На собственном юбилее его тоже ждали значительные приключения, в которых, правда, на следующее утро он не мог дать себе никакого отчета, поскольку решительно ничего не помнил. Известие о его сорокалетии заблаговременно облетело всех чутких к подобного рода событиям людей, так что к приближенным Силищева, которых он приглашал лично, прибавилась и масса всяких случайных и даже неизвестных персон. Не все собравшиеся одинаково хорошо представляли себе, о каком юбилее идет речь, и, рассказывают, выпадали даже такие странные минуты, когда тот или иной развеселившийся человек именно себя воображал виновником торжества и был готов принимать поздравления. Пришел Топольков, стройный и живой даже в своей скорлупке томности, улыбчивый. Он перестал гнуть спину на Гробова и со смехом рассказывал, что тот платит Аленушке сто рублей за визит, о чем ему, Тополькову, поведала сама Аленушка, простодушно высказав догадку, что у него теперь имеются веские основания порвать с ней. Топольков это и сделал, хотя, может быть, не столь решительно, как подобало настоящему мужчине, а заодно прервал всякие отношения и с Гробовым.
С писателем, по словам Тополькова, произошла достойная упоминания история. Горюнов, важный человек в местном издательстве "Факел", совершенно укрепился в отрицательном отношении к сочинениям Гробова и даже возымел несолидную привычку тешиться иногда на досуге в кругу друзей вышучиванием гробовской разнузданной способности хоронить изящную словесность в лавинах изощренной галиматьи. Сам Гробов, искренне веруя, что редактор просто заблуждается, задался целью разрушить это недоразумение, мешавшее ему приступить к весьма плодотворному сотрудничеству с "Факелом". Гробов верил, что увенчание его литературных заслуг хвалебной критикой и всевозможными знаменитыми премиями – вопрос времени, и потому уже сейчас, пусть еще на отдаленных подступах к наградам, вел себя остро и мощно. Горюнов (такой чопорный на людях и такой душечка, буквально Петенька Петрович для своих) еще срывал аплодисменты в узком кругу посвященных, высказывая идея, своим свободомыслием всегда чуточку опережавшие общественное свободомыслие, а тем временем Гробов с мрачной кропотливостью разрабатывал план, благодаря которому он дерзко возьмет Петеньку Петровича в клещи и обратит все его вольнодумие в воплощенное рвение угодить ему, Гробову.

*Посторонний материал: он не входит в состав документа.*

(* For all $\varepsilon,\delta>0$ and all $k\in\mathbb N$ there exists $N=N(\delta,\varepsilon,k)$ such that: if $r>N$ and $A\subseteq\Lambda_k^r$ has $|A|\ge\delta|\Lambda_k^r|$, then for every $x\in\Lambda_k^r$ there are $a_1,a_2\in A$ with $a_1^{-1}a_2\in U_{r\varepsilon}(x)$.
   Context: $\Lambda_k=\{\lambda\in\mathbb C:\lambda^k=1\}$ is the multiplicative group of $k$-th roots of unity, and $\Lambda_k^r$ is its $r$-th Cartesian power with coordinatewise multiplication. Let $d_0$ be one half of Euclidean distance on $\Lambda_k$, and for $x,y\in\Lambda_k^r$ let $d(x,y)=\sum_{j=1}^r d_0(x_j,y_j)$. For $t\ge0$, $U_t(x)=\{y\in\Lambda_k^r:d(x,y)\le t\}$. *)

theory Defs
  imports Complex_Main "HOL-Library.FuncSet"
begin

definition unit_roots :: "nat \<Rightarrow> complex set" where
  "unit_roots k = {z. z ^ k = 1}"

definition root_cube :: "nat \<Rightarrow> nat \<Rightarrow> (nat \<Rightarrow> complex) set" where
  "root_cube k r = PiE {..<r} (\<lambda>_. unit_roots k)"

definition d0 :: "complex \<Rightarrow> complex \<Rightarrow> real" where
  "d0 z w = cmod (z - w) / 2"

definition cube_dist :: "nat \<Rightarrow> (nat \<Rightarrow> complex) \<Rightarrow> (nat \<Rightarrow> complex) \<Rightarrow> real" where
  "cube_dist r x y = (\<Sum>j<r. d0 (x j) (y j))"

definition U_ball :: "nat \<Rightarrow> nat \<Rightarrow> real \<Rightarrow> (nat \<Rightarrow> complex) \<Rightarrow> (nat \<Rightarrow> complex) set" where
  "U_ball k r t x = {y \<in> root_cube k r. cube_dist r x y \<le> t}"

definition cube_divl :: "nat \<Rightarrow> (nat \<Rightarrow> complex) \<Rightarrow> (nat \<Rightarrow> complex) \<Rightarrow> (nat \<Rightarrow> complex)" where
  "cube_divl r a b = restrict (\<lambda>j. inverse (a j) * b j) {..<r}"

end

theory Submission
  imports Defs
begin

text \<open>If no quotient \<open>a\<^sub>1\<^sup>-\<^sup>1 a\<^sub>2\<close> of elements of \<open>A\<close> lies within \<open>t = r\<epsilon>\<close> of \<open>x\<close>, then,
  since \<open>d\<^sub>0 \<le> 1\<close> on the unit circle, the translate \<open>xA\<close> is at Hamming distance more than \<open>t\<close>
  from \<open>A\<close>. The Hamming distance to \<open>A\<close> is 1-Lipschitz, so by the Efron--Stein inequality its
  variance under the uniform measure on \<open>\<Lambda>\<^sub>k\<^sup>r\<close> is at most \<open>r\<close>; it vanishes on \<open>A\<close> and exceeds
  \<open>t\<close> on \<open>xA\<close>, both of density \<open>\<ge> \<delta>\<close>, so \<open>\<delta>\<^sup>2 t\<^sup>2 \<le> r\<close>, i.e. \<open>r \<le> 1 / (\<delta>\<epsilon>)\<^sup>2\<close>.\<close>

text \<open>\<open>card X\<^sup>2\<close> times the variance of \<open>F\<close> under the uniform distribution on \<open>X\<close>.\<close>
definition sum_var :: "'a set \<Rightarrow> ('a \<Rightarrow> real) \<Rightarrow> real" where
  "sum_var X F = real (card X) * (\<Sum>x\<in>X. (F x)\<^sup>2) - (\<Sum>x\<in>X. F x)\<^sup>2"
(* For every countable ordinal $\lambda<\omega_1$ there is a continuous map $g_\lambda:[0,1]\to[0,1]$ such that the chain components poset $(\mathfrak{C}_{g_\lambda},\preceq)$ is order isomorphic to $(\lambda+1,\ni)$, i.e. to the reverse of the usual order on the ordinal $\lambda+1$.
   Context: For a map $g:[0,1]\to[0,1]$ with the usual metric: an $\varepsilon$-chain from $x$ to $y$ is a finite sequence $x_0=x,\dots,x_n=y$, $n\ge1$, with $|g(x_i)-x_{i+1}|<\varepsilon$; $x\,\mathcal{C}\,y$ iff for every $\varepsilon>0$ there is an $\varepsilon$-chain from $x$ to $y$; $CR_g=\{x:x\,\mathcal{C}\,x\}$; $x\,E\,y$ iff $x\,\mathcal{C}\,y$ and $y\,\mathcal{C}\,x$; $\mathfrak{C}_g=CR_g/E$ is the set of chain components, partially ordered by $[x]\preceq[y]$ iff $y\,\mathcal{C}\,x$. *)

theory Defs
  imports "HOL-Analysis.Analysis"
begin

definition eps_chain :: "(real \<Rightarrow> real) \<Rightarrow> real \<Rightarrow> real \<Rightarrow> real \<Rightarrow> bool" where
  "eps_chain g \<epsilon> x y \<longleftrightarrow>
     (\<exists>n::nat. n \<ge> 1 \<and> (\<exists>xs::nat \<Rightarrow> real.
        xs 0 = x \<and> xs n = y \<and> (\<forall>i\<le>n. xs i \<in> {0..1}) \<and>
        (\<forall>i<n. \<bar>g (xs i) - xs (Suc i)\<bar> < \<epsilon>)))"

definition chain_rel :: "(real \<Rightarrow> real) \<Rightarrow> real \<Rightarrow> real \<Rightarrow> bool" where
  "chain_rel g x y \<longleftrightarrow> (\<forall>\<epsilon>>0. eps_chain g \<epsilon> x y)"

definition chain_recurrent :: "(real \<Rightarrow> real) \<Rightarrow> real set" where
  "chain_recurrent g = {x \<in> {0..1}. chain_rel g x x}"

definition chain_equiv :: "(real \<Rightarrow> real) \<Rightarrow> (real \<times> real) set" where
  "chain_equiv g = {(x, y). x \<in> chain_recurrent g \<and> y \<in> chain_recurrent g \<and>
                            chain_rel g x y \<and> chain_rel g y x}"

definition chain_components :: "(real \<Rightarrow> real) \<Rightarrow> real set set" where
  "chain_components g = chain_recurrent g // chain_equiv g"

text \<open>[x] \<preceq> [y] iff y C x (independent of representatives).\<close>
definition comp_le :: "(real \<Rightarrow> real) \<Rightarrow> real set \<Rightarrow> real set \<Rightarrow> bool" where
  "comp_le g A B \<longleftrightarrow> (\<exists>x\<in>A. \<exists>y\<in>B. chain_rel g y x)"

text \<open>Successor ordinal of a well-order r (as a reflexive well-order relation):
  a new top element None is added.\<close>
definition ord_succ :: "('a \<times> 'a) set \<Rightarrow> ('a option \<times> 'a option) set" where
  "ord_succ r = {(Some a, Some b) | a b. (a, b) \<in> r} \<union>
                {(x, None) | x. x \<in> insert None (Some ` Field r)}"

end

theory Submission
  imports Defs
begin

text \<open>
  If g is monotone with x \<le> g x, an \<epsilon>-chain with \<epsilon> < g p - p can never pass from above a
  point p to below it, while it can climb freely up to any fixed point. When the fixed points
  form a countable set F, the non-fixed points are dense, so the chain recurrent set is F \<inter> [0,1],
  the chain components are its singletons, and {a} \<preceq> {b} iff b \<le> a. The map
  x \<mapsto> x + d(x, F)/2 realises any closed F \<subseteq> [0,1] with 1 \<in> F as such a fixed point set.

  It remains to embed the countable well-order \<lambda> + 1 into [0,1] with closed image. Choose
  summable positive weights on it and send a to the total weight of its strict initial segment
  (shifted so that the top goes to 1). This map is strictly increasing, and for x outside the
  image let a be least with x below its image: if a has an immediate predecessor b, the images
  of b and a bound a gap around x; otherwise the image of a is the supremum of the images of
  its predecessors, which all lie below x, a contradiction.
\<close>

lemma chain_rel_stays_above:
  assumes "mono g" "p < g p" "p \<le> x" "chain_rel g x y"
  shows "p < y"
proof -
  obtain n xs where "n \<ge> 1" "xs 0 = x" "xs n = y"
    and steps: "\<forall>i<n. \<bar>g (xs i) - xs (Suc i)\<bar> < g p - p"
    using assms(2,4) unfolding chain_rel_def eps_chain_def by (meson diff_gt_0_iff_gt)
  have step_above: "p < xs (Suc i)" if "i < n" "p \<le> xs i" for i
    using steps monoD[OF assms(1) \<open>p \<le> xs i\<close>] that(1) by fastforce
  have "p \<le> xs i" if "i \<le> n" for i
    using that
  proof (induction i)
    case 0
    then show ?case using assms(3) \<open>xs 0 = x\<close> by simp
  next
    case (Suc i)
    then show ?case using step_above[of i] by simp
  qed
  moreover obtain m where "n = Suc m" using \<open>n \<ge> 1\<close> by (cases n) auto
  ultimately show ?thesis using step_above[of m] \<open>xs n = y\<close> by simp
qed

Сбить спесь с такого, как Петенька Петрович, задача не из простых. Во-первых, Петенька славу поборника свободы завоевал не в сегодняшние даже чересчур, на его взгляд, отягощенные вольготностью времена, а гораздо раньше, еще в эпоху оцепенения, когда где-то какое-то неосторожное высказывание сорвалось с его губ, после чего начальство, как он ни принимал виноватый и сконфуженный вид, долго бросало в его сторону косые взгляды. Во-вторых, нынче у определенного сорта горячих и деятельных людей в заводе публично оскорблять должностных лиц и даже совершать на них покушения, и Петеньке Петровичу тоже случилось однажды стать жертвой нападения. Один взъерошенный и не вполне здоровый сочинитель, раздосадованный неизменными неудачами в лабиринтах "Факела", среди бела дня накинулся на него на бульваре и принялся закидывать снегом, чему не сразу смогли или захотели помешать собравшиеся вокруг и недоуменно протестующие зеваки. Нападавший явно намеревался слепить что-то вроде снежной бабы, но когда дело стало уже лишь за морковкой, Петенька исхитрился вырваться и унести ноги, а назавтра, отдохнув и просохнув, был свеж, как новорожденный, да так ловко свел все на шутку, что и некстати было бы привлекать покушавшегося к ответственности. Из этого фрагмента хорошо видно присутствие у Горюнова боевитого и по-своему веселого духа, которому и морковку вместа носа не приставишь, и не пропишешь надобность в заведенном порядке отомстить жалкому графоману. Но Гробов и не рассчитывал на легкое исполнение задуманного.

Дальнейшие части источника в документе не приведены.